Hello my beautiful friends!
I haven’t posted in a while!! So many things have happened and I want to share some with you. Everything started on February 11th, 2018 when I discovered that I was pregnant!! I was so happy! I started to make plans with my husband… we were SO excited to be expecting our 3rd child. I was praying and wishing for a little girl, but I couldn’t know until week 20! We were planning to buy a bigger car and making a list of everything that was going to be needed. My husband even changed the setting of our bedroom in order to make space for the crib! We were extremely happy and feeling blessed! My two boys were ecstatic when we told them! There was so much joy! I had my first ultrasound on March to know how many weeks I had. Everything was good and I was at week 7 of my pregnancy.

February 11th, 2018: I found out I was pregnant
The first months, I felt EXTREMELY tired. 0 energy! All I wanted to do is sleep, sleep, SLEEP! I was feeling very nauseous. I also had some cramps very often and I asked my doctor if it was normal, but she told me that if there was no bleeding it was nothing to worry about. Mid-march, I started to feel a little bit better, regaining a bit of energy.
On April 3rd, 2018, I had an appointment for another ultrasound. My appointment was at 9am and I went alone after dropping the kids at school because my husband was working. I was suppose to be at 13 weeks. So, after being in the waiting room for a while, they finally called my name and I entered the room. I wasn’t prepared for what happened next… I laid down and the ultrasound technician started to examine me. The first thing she asked was if I had had any bleeding. I said no. She then asked how many weeks I had. I answered 13. That’s when I started to feel that something was wrong…I prayed to God, for everything to be okay. She said there is no heartbeat and the embryo measures for about 9 weeks. “What do you mean?” I replied. She responded that “The embryo stopped growing at 9 weeks. There is no heart activity.” I couldn’t believe it! I was in so much shock. I didn’t understand why I hadn’t had any bleeding if the baby was dead. It had been inside of me for 4 weeks with no life. How was that possible? (now, I know it’s a missed miscarriage) She left me alone for a few minutes in order to call the doctor. Those few minutes felt like an eternity. I couldn’t hold my tears… but at the same time I kept praying and thinking “please God, let this be a mistake, please”. Unfortunately, there was no mistake and the doctor confirmed what the technician had already told me.
I couldn’t even listen to what they continued telling me after that. They explained that I had to get an abortion before getting an infection. It was so unreal. I left the hospital in so much tears. I arrived to my car and I kept crying, crying and crying. All I kept thinking is “Why is this happening to me?” I don’t even know how I arrived home…
Breaking the news to my husband was so hard. He cried, like never before. A couple of days later… we had to announce it to our kids (6 and 8 years old) and that was even harder! My heart was broken. I tried to stay strong and not cry while telling them… It was so hard.
I had an appointment to get an abortion on April 10th, 2018. They gave me some pills that I had to take in the morning before the procedure. Some pills, that immediately gave me some strong and painful cramps and that made me start bleeding.

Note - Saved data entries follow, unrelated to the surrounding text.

(* Let $S=\langle \underline{S},\sqcap,\sqcup,\Rightarrow,L,\neg,0,1\rangle$ be a rough algebra, and put $M(x)=\neg L(\neg x)$ for $x\in\underline{S}$. Define the binary relation $T$ on $\underline{S}$ by $(a,b)\in T$ if and only if there exists $c\in\underline{S}$ with $L(c)\le a\le M(c)$ and $L(c)\le b\le M(c)$ (where $\le$ is the lattice order of $\langle\underline{S},\sqcap,\sqcup\rangle$). Then $T$ is a compatible tolerance on $S$: it is reflexive and symmetric, and whenever $(a,b),(c,e)\in T$ we have $(a\sqcap c,\,b\sqcap e)\in T$ and $(a\sqcup c,\,b\sqcup e)\in T$.
   Context: A pre-rough algebra is an algebra $\langle\underline{S},\sqcap,\sqcup,\Rightarrow,L,\neg,0,1\rangle$ of type $(2,2,2,1,1,0,0)$ such that: $\langle\underline{S},\sqcap,\sqcup,\neg\rangle$ is a de Morgan lattice (with bounds $0,1$); $\neg\neg a=a$; $L(a)\sqcap a=L(a)$; $LL(a)=L(a)$; $L(1)=1$; $L(a\sqcap b)=L(a)\sqcap L(b)$; $\neg L\neg L(a)=L(a)$; $\neg L(a)\sqcup L(a)=1$; $L(a\sqcup b)=L(a)\sqcup L(b)$; if $L(a)\sqcap L(b)=L(a)$ and $\neg L(\neg(a\sqcap b))=\neg L(\neg a)$ then $a\sqcap b=a$; and $a\Rightarrow b=(\neg L(a)\sqcup L(b))\sqcap(L(\neg a)\sqcup\neg L(\neg b))$. A rough algebra is a completely distributive pre-rough algebra. The relation $T$ is called the coapproximability relation. *)

theory Defs
  imports Main
begin

text \<open>We take the
carrier to be a whole type of class complete_distrib_lattice: lattice meet/join are
inf/sup, the bounds 0,1 are bot/top, and complete distributivity is the class axiom.\<close>

definition de_morgan_neg :: "('a::bounded_lattice \<Rightarrow> 'a) \<Rightarrow> bool" where
  "de_morgan_neg neg \<longleftrightarrow> (\<forall>a b. neg (inf a b) = sup (neg a) (neg b))"

definition pre_rough_axioms ::
  "('a::bounded_lattice \<Rightarrow> 'a \<Rightarrow> 'a) \<Rightarrow> ('a \<Rightarrow> 'a) \<Rightarrow> ('a \<Rightarrow> 'a) \<Rightarrow> bool" where
  "pre_rough_axioms imp L neg \<longleftrightarrow>
     de_morgan_neg neg \<and>
     (\<forall>a. neg (neg a) = a) \<and>
     (\<forall>a. inf (L a) a = L a) \<and>
     (\<forall>a. L (L a) = L a) \<and>
     L top = top \<and>
     (\<forall>a b. L (inf a b) = inf (L a) (L b)) \<and>
     (\<forall>a. neg (L (neg (L a))) = L a) \<and>
     (\<forall>a. sup (neg (L a)) (L a) = top) \<and>
     (\<forall>a b. L (sup a b) = sup (L a) (L b)) \<and>
     (\<forall>a b. inf (L a) (L b) = L a \<and> neg (L (neg (inf a b))) = neg (L (neg a))
            \<longrightarrow> inf a b = a) \<and>
     (\<forall>a b. imp a b = inf (sup (neg (L a)) (L b)) (sup (L (neg a)) (neg (L (neg b)))))"

definition pre_rough_algebra ::
  "('a::{distrib_lattice,bounded_lattice} \<Rightarrow> 'a \<Rightarrow> 'a) \<Rightarrow> ('a \<Rightarrow> 'a) \<Rightarrow> ('a \<Rightarrow> 'a) \<Rightarrow> bool" where
  "pre_rough_algebra imp L neg \<longleftrightarrow> pre_rough_axioms imp L neg"

definition rough_algebra ::
  "('a::complete_distrib_lattice \<Rightarrow> 'a \<Rightarrow> 'a) \<Rightarrow> ('a \<Rightarrow> 'a) \<Rightarrow> ('a \<Rightarrow> 'a) \<Rightarrow> bool" where
  "rough_algebra imp L neg \<longleftrightarrow> pre_rough_algebra imp L neg"

definition upperM :: "('a \<Rightarrow> 'a) \<Rightarrow> ('a \<Rightarrow> 'a) \<Rightarrow> 'a \<Rightarrow> 'a" where
  "upperM L neg x = neg (L (neg x))"

definition coapprox :: "('a::order \<Rightarrow> 'a) \<Rightarrow> ('a \<Rightarrow> 'a) \<Rightarrow> 'a \<Rightarrow> 'a \<Rightarrow> bool" where
  "coapprox L neg a b \<longleftrightarrow>
     (\<exists>c. L c \<le> a \<and> a \<le> upperM L neg c \<and> L c \<le> b \<and> b \<le> upperM L neg c)"

end

theory Submission
  imports Defs
begin

text \<open>The relation only uses that \<open>L\<close> is deflationary and preserves both lattice operations:
then \<open>M\<close>, its De Morgan dual, is inflationary and preserves them too, so every interval
\<open>[L c, M c]\<close> contains \<open>c\<close>, and meets and joins of two such intervals lie in the interval
of \<open>inf c d\<close> and \<open>sup c d\<close> respectively.\<close>

lemma de_morgan_neg_sup:
  assumes "de_morgan_neg neg" and "\<And>a. neg (neg a) = a"
  shows "neg (sup a b) = inf (neg a) (neg b)"
  by (metis assms de_morgan_neg_def)

lemma de_morgan_neg_antimono:
  assumes "de_morgan_neg neg" and "a \<le> b"
  shows "neg b \<le> neg a"
proof -
  have "neg a = sup (neg a) (neg b)"
    using assms inf.absorb1 unfolding de_morgan_neg_def by metis
  then show ?thesis
    by (metis sup.cobounded2)
qed

lemma pre_rough_axiomsD:
  assumes "pre_rough_axioms imp L neg"
  shows pre_rough_de_morgan: "de_morgan_neg neg"
    and pre_rough_neg_inf: "neg (inf a b) = sup (neg a) (neg b)"
    and pre_rough_neg_neg: "neg (neg a) = a"
    and pre_rough_L_le: "L a \<le> a"
    and pre_rough_L_inf: "L (inf a b) = inf (L a) (L b)"
    and pre_rough_L_sup: "L (sup a b) = sup (L a) (L b)"
  using assms unfolding pre_rough_axioms_def de_morgan_neg_def by (auto simp: inf.absorb_iff1)

lemma pre_rough_neg_sup:
  assumes "pre_rough_axioms imp L neg"
  shows "neg (sup a b) = inf (neg a) (neg b)"
  using de_morgan_neg_sup pre_rough_de_morgan pre_rough_neg_neg assms by metis

lemma le_upperM:
  assumes "pre_rough_axioms imp L neg"
  shows "a \<le> upperM L neg a"
proof -
  have "neg (neg a) \<le> neg (L (neg a))"
    using de_morgan_neg_antimono pre_rough_de_morgan pre_rough_L_le assms by metis
  then show ?thesis
    by (simp add: upperM_def pre_rough_neg_neg[OF assms])
qed

lemma upperM_inf:
  assumes "pre_rough_axioms imp L neg"
  shows "upperM L neg (inf a b) = inf (upperM L neg a) (upperM L neg b)"
  using assms by (simp add: upperM_def pre_rough_neg_inf pre_rough_neg_sup pre_rough_L_sup)

lemma upperM_sup:
  assumes "pre_rough_axioms imp L neg"
  shows "upperM L neg (sup a b) = sup (upperM L neg a) (upperM L neg b)"
  using assms by (simp add: upperM_def pre_rough_neg_inf pre_rough_neg_sup pre_rough_L_inf)

lemma coapprox_refl:
  assumes "pre_rough_axioms imp L neg"
  shows "coapprox L neg a a"
  unfolding coapprox_def using assms pre_rough_L_le le_upperM by blast

lemma coapprox_sym: "coapprox L neg a b \<Longrightarrow> coapprox L neg b a"
  unfolding coapprox_def by blast

lemma coapprox_inf:
  fixes L neg :: "'a::lattice \<Rightarrow> 'a"
  assumes L_inf: "\<And>x y. L (inf x y) = inf (L x) (L y)"
    and M_inf: "\<And>x y. upperM L neg (inf x y) = inf (upperM L neg x) (upperM L neg y)"
    and "coapprox L neg a b" and "coapprox L neg c e"
  shows "coapprox L neg (inf a c) (inf b e)"
proof -
  obtain x where "L x \<le> a" "a \<le> upperM L neg x" "L x \<le> b" "b \<le> upperM L neg x"
    using \<open>coapprox L neg a b\<close> unfolding coapprox_def by blast
  moreover obtain y where "L y \<le> c" "c \<le> upperM L neg y" "L y \<le> e" "e \<le> upperM L neg y"
    using \<open>coapprox L neg c e\<close> unfolding coapprox_def by blast
  ultimately show ?thesis
    unfolding coapprox_def
    by (intro exI[of _ "inf x y"]) (simp add: L_inf M_inf le_infI1 le_infI2 inf_mono)
qed

lemma coapprox_sup:
  fixes L neg :: "'a::lattice \<Rightarrow> 'a"
  assumes L_sup: "\<And>x y. L (sup x y) = sup (L x) (L y)"
    and M_sup: "\<And>x y. upperM L neg (sup x y) = sup (upperM L neg x) (upperM L neg y)"
    and "coapprox L neg a b" and "coapprox L neg c e"
  shows "coapprox L neg (sup a c) (sup b e)"
proof -
  obtain x where "L x \<le> a" "a \<le> upperM L neg x" "L x \<le> b" "b \<le> upperM L neg x"
    using \<open>coapprox L neg a b\<close> unfolding coapprox_def by blast
  moreover obtain y where "L y \<le> c" "c \<le> upperM L neg y" "L y \<le> e" "e \<le> upperM L neg y"
    using \<open>coapprox L neg c e\<close> unfolding coapprox_def by blast
  ultimately show ?thesis
    unfolding coapprox_def
    by (intro exI[of _ "sup x y"]) (simp add: L_sup M_sup le_supI1 le_supI2 sup_mono)
qed

theorem proposition2p1:
  fixes imp :: "'a::complete_distrib_lattice \<Rightarrow> 'a \<Rightarrow> 'a"
    and L neg :: "'a \<Rightarrow> 'a"
  assumes "rough_algebra imp L neg"
  shows "(\<forall>a. coapprox L neg a a)
       \<and> (\<forall>a b. coapprox L neg a b \<longrightarrow> coapprox L neg b a)
       \<and> (\<forall>a b c e. coapprox L neg a b \<and> coapprox L neg c e \<longrightarrow>
            coapprox L neg (inf a c) (inf b e) \<and> coapprox L neg (sup a c) (sup b e))"
proof -
  have pre: "pre_rough_axioms imp L neg"
    using assms unfolding rough_algebra_def pre_rough_algebra_def .
  have "coapprox L neg (inf a c) (inf b e)" and "coapprox L neg (sup a c) (sup b e)"
    if "coapprox L neg a b" and "coapprox L neg c e" for a b c e
    using that coapprox_inf[OF pre_rough_L_inf[OF pre] upperM_inf[OF pre]]
      coapprox_sup[OF pre_rough_L_sup[OF pre] upperM_sup[OF pre]] by blast+
  then show ?thesis
    using coapprox_refl[OF pre] coapprox_sym by blast
qed

end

Before the abortion, they gave me some narcotics. I don’t know what the hell happened, but they had no effect on me. I felt everything during the procedure and it was so painful! I was laying in the medical bed looking up at a world map that was installed in the ceiling, while they were using a vaccum to remove the baby from my uterus. I have never had an abortion before, so I don’t know if feeling the pain is normal or not. This experience was so traumatic, painful and extremely hard for me. It still hurts and it will probably hurt forever. For me, I lost a child. I lost my baby… I loved him/her since the first day I found out it was growing in my belly. I had so many plans…
I will probably have one more child, in the future when my body and my mind heals a little, but the pain that I felt and feel and the fact that I lost a baby won’t be replaced. I will forever love and remember my little angel. It has been so hard this past weeks and I am just now starting to feel a little bit better.

Even if it’s hard, I am also trying to see the bright side of this situation. I got so much more closer to my partner. (we already were, but now we have a stronger and deeper connection) He was the one wiping my tears every night for the last 34 days, holding me together. He was there for me and I felt his love more than ever. We were in this together. Feeling and sharing the same pain. I could also feel and see the love of my precious friends. I realized that I am surrounded by some amazing people and that I am lucky to have them in my life. This situation has also been humbling in some way. I feel more compassion for others. I’m more aware of the pain and suffering of others. I don’t know… it’s hard to explain… It opened my eyes more. It made me even more compassionate and it gave me a desire to be kinder and help others more.
Now that I’m feeling a bit better, I choose to honor the memory of my baby by LIVING, by taking care of myself, by honoring my body, by prioritizing myself and making healthier choices everyday. Life is hard my friends… we all go through shit and painful moments, but please know that there is always a light at the end of the tunnel. Fall down but get back up!! Sometimes the battles are just meant to make you stronger and wiser…

In loving memory of my little Angel.